Alternative, clean energy sources are rapidly expanding in cities, businesses and utilities across the country, and the establishment of a solar farm by BrightRidge is part of the national trend.

The Huffington Post reported in June that the number of U.S. cities pledging to go 100-percent renewable energy doubled last year, to at least 70, amid President Trump’s rollback of federal climate policies and regulations.

An additional 201 cities, representing more than 24 million people and 6.5 percent of the national electricity have endorsed the 100-percent clean energy goal, their policies to be developed in the months to come. That figure, too, the paper stated, doubled since last year.

The announcement of the new commitments was made at the 2018 Conference of Mayors, held earlier in June, in Boston.

As many sources, and officials at the deployment of the BrightRidge solar farm have noted, market forces are the principal drivers in these clean-energy investments. Rapid cost declines have made renewables the cheapest available source of new energy. They are good for industries’ bottom line, enhance (our) state’s economic development, and create high quality jobs. On that aspect, U.S. Department of Labor statistics show solar photovoltaic installers and wind turbine technicians to be the fastest growing among well-paying jobs in 2016.

Not that climate-change awareness, and dire need for action on it, isn’t among the motivating factors, for both the corporate world and the American public.

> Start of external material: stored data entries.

theorem lemma2:
  fixes V :: "'a set" and E :: "'a set set"
  assumes "is_graph V E"
  shows "generalized_bartlett V E \<longleftrightarrow>
    (\<exists>Et. decomposable_cover V E Et \<and>
       (\<forall>u v w. {u, v} \<in> Et \<and> {v, w} \<in> Et \<and> {u, w} \<in> Et \<longrightarrow>
          {u, v} \<in> E \<or> {v, w} \<in> E \<or> {u, w} \<in> E))"
proof
  assume "generalized_bartlett V E"
  then obtain \<sigma> where "is_ordering V \<sigma>" and no_bad_triangle:
    "\<not> (\<exists>u v w. {u, v} \<notin> E \<and> {v, w} \<notin> E \<and> {u, w} \<notin> E \<and>
        {u, v} \<in> D_sigma V \<sigma> E \<and> {v, w} \<in> D_sigma V \<sigma> E \<and> {u, w} \<in> D_sigma V \<sigma> E)"
    unfolding generalized_bartlett_def by blast
  then have "decomposable_cover V E (D_sigma V \<sigma> E)"
    using D_sigma_decomposable[OF assms] elim_edges_mono[of 0 "card V - 2" V \<sigma> E]
    by (simp add: decomposable_cover_def D_sigma_def)
  with no_bad_triangle show "\<exists>Et. decomposable_cover V E Et \<and>
       (\<forall>u v w. {u, v} \<in> Et \<and> {v, w} \<in> Et \<and> {u, w} \<in> Et \<longrightarrow>
          {u, v} \<in> E \<or> {v, w} \<in> E \<or> {u, w} \<in> E)"
    by blast
next
  assume "\<exists>Et. decomposable_cover V E Et \<and>
       (\<forall>u v w. {u, v} \<in> Et \<and> {v, w} \<in> Et \<and> {u, w} \<in> Et \<longrightarrow>
          {u, v} \<in> E \<or> {v, w} \<in> E \<or> {u, w} \<in> E)"
  then obtain Et where cover: "decomposable_cover V E Et" and triangles:
    "\<forall>u v w. {u, v} \<in> Et \<and> {v, w} \<in> Et \<and> {u, w} \<in> Et \<longrightarrow>
          {u, v} \<in> E \<or> {v, w} \<in> E \<or> {u, w} \<in> E"
    by blast
  then obtain \<sigma> where peo: "perfect_elimination_ordering V Et \<sigma>"
    using decomposable_ex_perfect_elimination_ordering[of V Et V] by (auto simp: decomposable_cover_def)
  then have "D_sigma V \<sigma> E \<subseteq> Et"
    using elim_edges_subset_of_peo[of E Et] cover by (simp add: D_sigma_def decomposable_cover_def)
  then show "generalized_bartlett V E"
    using peo triangles unfolding generalized_bartlett_def perfect_elimination_ordering_def by blast
qed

A special issue of Scientific American this year reports on the Mars Company, its Snickers chocolate bars popular still, since 1911, but now a global business with 140 factories around the world. The company established a wind farm in Texas which generates 100 percent of the electricity demand for all its U.S. operations.

It also operates wind farms in Scotland and Mexico, plans to deploy such in China, India, and Australia, and installed a “solar garden” in Nevada which produces all electricity needed at its site there, on sunny days.

“Climate change, water scarcity and deforestation are serious threats to society,” states the company’s sustainability director, “and it is imperative that global businesses do their part to face down those threats.” After all, he says, “reducing our carbon footprint is good not only for the planet but also for our bottom line.”

More than 80 percent of 153 major corporations are reported to be actively pursuing or planning to purchase renewable energy over the next 2 to 10 years. Price may be the leading factor in their decision, and that of cities and other entities to transition to clean energy sources, but so is the desire to create a healthier planet in which to be successful in the future. It coincides with what a Forbes article indicates as one of the underlying drivers of this trend, “the broadening public awareness and support for renewables as an actionable solution to combat climate change, leading to increased … renewable energy demand from electricity suppliers.”

The Tennessee Valley Authority has a long way to go to catch up with this national trend, but the BrightRidge action is a highly positive development.